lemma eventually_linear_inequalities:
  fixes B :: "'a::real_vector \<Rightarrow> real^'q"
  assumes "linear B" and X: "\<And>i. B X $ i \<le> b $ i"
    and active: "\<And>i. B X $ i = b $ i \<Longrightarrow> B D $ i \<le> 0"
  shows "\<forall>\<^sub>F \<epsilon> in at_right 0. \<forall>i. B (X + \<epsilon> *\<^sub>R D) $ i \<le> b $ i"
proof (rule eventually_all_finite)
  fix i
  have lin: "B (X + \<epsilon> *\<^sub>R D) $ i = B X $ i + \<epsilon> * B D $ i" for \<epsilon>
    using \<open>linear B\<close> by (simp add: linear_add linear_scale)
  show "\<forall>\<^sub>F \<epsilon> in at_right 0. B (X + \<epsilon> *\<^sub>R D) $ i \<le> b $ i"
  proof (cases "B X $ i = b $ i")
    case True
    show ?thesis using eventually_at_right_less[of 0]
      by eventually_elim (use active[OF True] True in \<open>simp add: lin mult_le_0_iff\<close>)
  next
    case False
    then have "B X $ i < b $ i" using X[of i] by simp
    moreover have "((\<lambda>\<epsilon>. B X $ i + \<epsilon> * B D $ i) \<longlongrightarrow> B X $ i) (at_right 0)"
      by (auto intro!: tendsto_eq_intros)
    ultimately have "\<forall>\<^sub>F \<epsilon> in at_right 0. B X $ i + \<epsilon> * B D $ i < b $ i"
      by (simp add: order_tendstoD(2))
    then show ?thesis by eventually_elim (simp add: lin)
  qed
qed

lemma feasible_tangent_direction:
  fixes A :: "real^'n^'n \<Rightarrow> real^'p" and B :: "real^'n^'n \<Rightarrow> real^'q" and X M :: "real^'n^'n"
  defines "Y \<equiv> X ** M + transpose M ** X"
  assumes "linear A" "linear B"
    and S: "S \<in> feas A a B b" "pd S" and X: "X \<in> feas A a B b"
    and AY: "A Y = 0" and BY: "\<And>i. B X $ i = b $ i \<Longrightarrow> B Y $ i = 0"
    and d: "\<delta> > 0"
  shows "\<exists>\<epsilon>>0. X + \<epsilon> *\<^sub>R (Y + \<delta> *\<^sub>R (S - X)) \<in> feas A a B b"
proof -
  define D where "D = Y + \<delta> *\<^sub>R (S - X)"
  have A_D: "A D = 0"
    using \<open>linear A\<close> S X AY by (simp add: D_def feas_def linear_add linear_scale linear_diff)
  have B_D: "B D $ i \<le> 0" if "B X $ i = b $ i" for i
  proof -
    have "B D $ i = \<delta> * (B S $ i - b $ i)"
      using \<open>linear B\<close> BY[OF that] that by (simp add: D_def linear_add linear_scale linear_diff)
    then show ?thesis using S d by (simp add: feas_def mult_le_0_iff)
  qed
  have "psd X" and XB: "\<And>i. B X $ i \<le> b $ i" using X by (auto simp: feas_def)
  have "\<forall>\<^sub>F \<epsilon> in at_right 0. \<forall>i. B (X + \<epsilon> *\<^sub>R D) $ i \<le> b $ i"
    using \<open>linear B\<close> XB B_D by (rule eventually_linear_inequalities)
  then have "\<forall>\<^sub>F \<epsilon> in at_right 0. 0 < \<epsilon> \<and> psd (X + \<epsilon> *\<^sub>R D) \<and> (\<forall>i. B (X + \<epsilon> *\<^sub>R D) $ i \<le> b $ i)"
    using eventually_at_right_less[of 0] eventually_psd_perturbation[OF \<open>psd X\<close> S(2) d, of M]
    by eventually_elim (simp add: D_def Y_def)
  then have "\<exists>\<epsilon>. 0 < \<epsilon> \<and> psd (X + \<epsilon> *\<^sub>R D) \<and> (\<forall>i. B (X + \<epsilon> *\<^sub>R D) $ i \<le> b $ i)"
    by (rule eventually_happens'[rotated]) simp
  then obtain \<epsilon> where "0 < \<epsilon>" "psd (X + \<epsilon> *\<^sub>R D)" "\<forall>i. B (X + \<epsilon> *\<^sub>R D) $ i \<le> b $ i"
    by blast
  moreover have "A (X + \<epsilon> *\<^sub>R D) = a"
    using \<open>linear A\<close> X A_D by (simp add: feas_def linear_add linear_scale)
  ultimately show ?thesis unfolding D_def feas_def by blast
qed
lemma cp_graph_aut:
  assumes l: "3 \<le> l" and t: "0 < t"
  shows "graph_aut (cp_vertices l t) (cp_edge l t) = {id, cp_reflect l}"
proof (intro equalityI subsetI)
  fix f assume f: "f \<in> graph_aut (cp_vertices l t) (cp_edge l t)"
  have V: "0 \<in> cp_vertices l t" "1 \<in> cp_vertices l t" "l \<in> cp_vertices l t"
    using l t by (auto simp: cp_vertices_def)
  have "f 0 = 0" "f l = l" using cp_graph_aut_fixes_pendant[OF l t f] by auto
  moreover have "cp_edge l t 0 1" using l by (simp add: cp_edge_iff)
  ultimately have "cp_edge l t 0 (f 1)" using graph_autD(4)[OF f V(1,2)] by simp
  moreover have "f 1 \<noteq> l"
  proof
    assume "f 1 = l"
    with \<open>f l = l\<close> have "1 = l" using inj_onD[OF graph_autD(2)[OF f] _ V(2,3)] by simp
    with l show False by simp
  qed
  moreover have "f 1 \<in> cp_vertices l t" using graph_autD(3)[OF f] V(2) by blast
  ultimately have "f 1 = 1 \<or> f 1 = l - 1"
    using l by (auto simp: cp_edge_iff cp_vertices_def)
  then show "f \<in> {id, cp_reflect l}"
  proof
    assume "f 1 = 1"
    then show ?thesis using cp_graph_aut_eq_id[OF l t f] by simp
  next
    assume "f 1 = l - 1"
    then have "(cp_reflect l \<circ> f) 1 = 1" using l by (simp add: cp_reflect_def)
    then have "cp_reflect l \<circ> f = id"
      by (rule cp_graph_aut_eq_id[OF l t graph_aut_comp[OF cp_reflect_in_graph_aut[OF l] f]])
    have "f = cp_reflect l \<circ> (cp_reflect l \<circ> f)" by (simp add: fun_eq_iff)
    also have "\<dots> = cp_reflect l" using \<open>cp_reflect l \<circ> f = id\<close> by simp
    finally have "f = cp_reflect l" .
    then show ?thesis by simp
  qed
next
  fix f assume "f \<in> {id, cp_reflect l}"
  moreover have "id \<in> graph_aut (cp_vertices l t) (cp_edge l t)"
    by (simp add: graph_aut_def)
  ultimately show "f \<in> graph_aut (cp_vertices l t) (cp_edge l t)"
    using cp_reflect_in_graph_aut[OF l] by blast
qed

§ **TASK**:
Each entry given above is to be duplicated exactly.

§ **WRITTEN RESPONSE**:
lemma eventually_linear_inequalities:
  fixes B :: "'a::real_vector \<Rightarrow> real^'q"
  assumes "linear B" and X: "\<And>i. B X $ i \<le> b $ i"
    and active: "\<And>i. B X $ i = b $ i \<Longrightarrow> B D $ i \<le> 0"
  shows "\<forall>\<^sub>F \<epsilon> in at_right 0. \<forall>i. B (X + \<epsilon> *\<^sub>R D) $ i \<le> b $ i"
proof (rule eventually_all_finite)
  fix i
  have lin: "B (X + \<epsilon> *\<^sub>R D) $ i = B X $ i + \<epsilon> * B D $ i" for \<epsilon>
    using \<open>linear B\<close> by (simp add: linear_add linear_scale)
  show "\<forall>\<^sub>F \<epsilon> in at_right 0. B (X + \<epsilon> *\<^sub>R D) $ i \<le> b $ i"
  proof (cases "B X $ i = b $ i")
    case True
    show ?thesis using eventually_at_right_less[of 0]
      by eventually_elim (use active[OF True] True in \<open>simp add: lin mult_le_0_iff\<close>)
  next
    case False
    then have "B X $ i < b $ i" using X[of i] by simp
    moreover have "((\<lambda>\<epsilon>. B X $ i + \<epsilon> * B D $ i) \<longlongrightarrow> B X $ i) (at_right 0)"
      by (auto intro!: tendsto_eq_intros)
    ultimately have "\<forall>\<^sub>F \<epsilon> in at_right 0. B X $ i + \<epsilon> * B D $ i < b $ i"
      by (simp add: order_tendstoD(2))
    then show ?thesis by eventually_elim (simp add: lin)
  qed
qed

lemma feasible_tangent_direction:
  fixes A :: "real^'n^'n \<Rightarrow> real^'p" and B :: "real^'n^'n \<Rightarrow> real^'q" and X M :: "real^'n^'n"
  defines "Y \<equiv> X ** M + transpose M ** X"
  assumes "linear A" "linear B"
    and S: "S \<in> feas A a B b" "pd S" and X: "X \<in> feas A a B b"
    and AY: "A Y = 0" and BY: "\<And>i. B X $ i = b $ i \<Longrightarrow> B Y $ i = 0"
    and d: "\<delta> > 0"
  shows "\<exists>\<epsilon>>0. X + \<epsilon> *\<^sub>R (Y + \<delta> *\<^sub>R (S - X)) \<in> feas A a B b"
proof -
  define D where "D = Y + \<delta> *\<^sub>R (S - X)"
  have A_D: "A D = 0"
    using \<open>linear A\<close> S X AY by (simp add: D_def feas_def linear_add linear_scale linear_diff)
  have B_D: "B D $ i \<le> 0" if "B X $ i = b $ i" for i
  proof -
    have "B D $ i = \<delta> * (B S $ i - b $ i)"
      using \<open>linear B\<close> BY[OF that] that by (simp add: D_def linear_add linear_scale linear_diff)
    then show ?thesis using S d by (simp add: feas_def mult_le_0_iff)
  qed
  have "psd X" and XB: "\<And>i. B X $ i \<le> b $ i" using X by (auto simp: feas_def)
  have "\<forall>\<^sub>F \<epsilon> in at_right 0. \<forall>i. B (X + \<epsilon> *\<^sub>R D) $ i \<le> b $ i"
    using \<open>linear B\<close> XB B_D by (rule eventually_linear_inequalities)
  then have "\<forall>\<^sub>F \<epsilon> in at_right 0. 0 < \<epsilon> \<and> psd (X + \<epsilon> *\<^sub>R D) \<and> (\<forall>i. B (X + \<epsilon> *\<^sub>R D) $ i \<le> b $ i)"
    using eventually_at_right_less[of 0] eventually_psd_perturbation[OF \<open>psd X\<close> S(2) d, of M]
    by eventually_elim (simp add: D_def Y_def)
  then have "\<exists>\<epsilon>. 0 < \<epsilon> \<and> psd (X + \<epsilon> *\<^sub>R D) \<and> (\<forall>i. B (X + \<epsilon> *\<^sub>R D) $ i \<le> b $ i)"
    by (rule eventually_happens'[rotated]) simp
  then obtain \<epsilon> where "0 < \<epsilon>" "psd (X + \<epsilon> *\<^sub>R D)" "\<forall>i. B (X + \<epsilon> *\<^sub>R D) $ i \<le> b $ i"
    by blast
  moreover have "A (X + \<epsilon> *\<^sub>R D) = a"
    using \<open>linear A\<close> X A_D by (simp add: feas_def linear_add linear_scale)
  ultimately show ?thesis unfolding D_def feas_def by blast
qed
lemma cp_graph_aut:
  assumes l: "3 \<le> l" and t: "0 < t"
  shows "graph_aut (cp_vertices l t) (cp_edge l t) = {id, cp_reflect l}"
proof (intro equalityI subsetI)
  fix f assume f: "f \<in> graph_aut (cp_vertices l t) (cp_edge l t)"
  have V: "0 \<in> cp_vertices l t" "1 \<in> cp_vertices l t" "l \<in> cp_vertices l t"
    using l t by (auto simp: cp_vertices_def)
  have "f 0 = 0" "f l = l" using cp_graph_aut_fixes_pendant[OF l t f] by auto
  moreover have "cp_edge l t 0 1" using l by (simp add: cp_edge_iff)
  ultimately have "cp_edge l t 0 (f 1)" using graph_autD(4)[OF f V(1,2)] by simp
  moreover have "f 1 \<noteq> l"
  proof
    assume "f 1 = l"
    with \<open>f l = l\<close> have "1 = l" using inj_onD[OF graph_autD(2)[OF f] _ V(2,3)] by simp
    with l show False by simp
  qed
  moreover have "f 1 \<in> cp_vertices l t" using graph_autD(3)[OF f] V(2) by blast
  ultimately have "f 1 = 1 \<or> f 1 = l - 1"
    using l by (auto simp: cp_edge_iff cp_vertices_def)
  then show "f \<in> {id, cp_reflect l}"
  proof
    assume "f 1 = 1"
    then show ?thesis using cp_graph_aut_eq_id[OF l t f] by simp
  next
    assume "f 1 = l - 1"
    then have "(cp_reflect l \<circ> f) 1 = 1" using l by (simp add: cp_reflect_def)
    then have "cp_reflect l \<circ> f = id"
      by (rule cp_graph_aut_eq_id[OF l t graph_aut_comp[OF cp_reflect_in_graph_aut[OF l] f]])
    have "f = cp_reflect l \<circ> (cp_reflect l \<circ> f)" by (simp add: fun_eq_iff)
    also have "\<dots> = cp_reflect l" using \<open>cp_reflect l \<circ> f = id\<close> by simp
    finally have "f = cp_reflect l" .
    then show ?thesis by simp
  qed
next
  fix f assume "f \<in> {id, cp_reflect l}"
  moreover have "id \<in> graph_aut (cp_vertices l t) (cp_edge l t)"
    by (simp add: graph_aut_def)
  ultimately show "f \<in> graph_aut (cp_vertices l t) (cp_edge l t)"
    using cp_reflect_in_graph_aut[OF l] by blast
qed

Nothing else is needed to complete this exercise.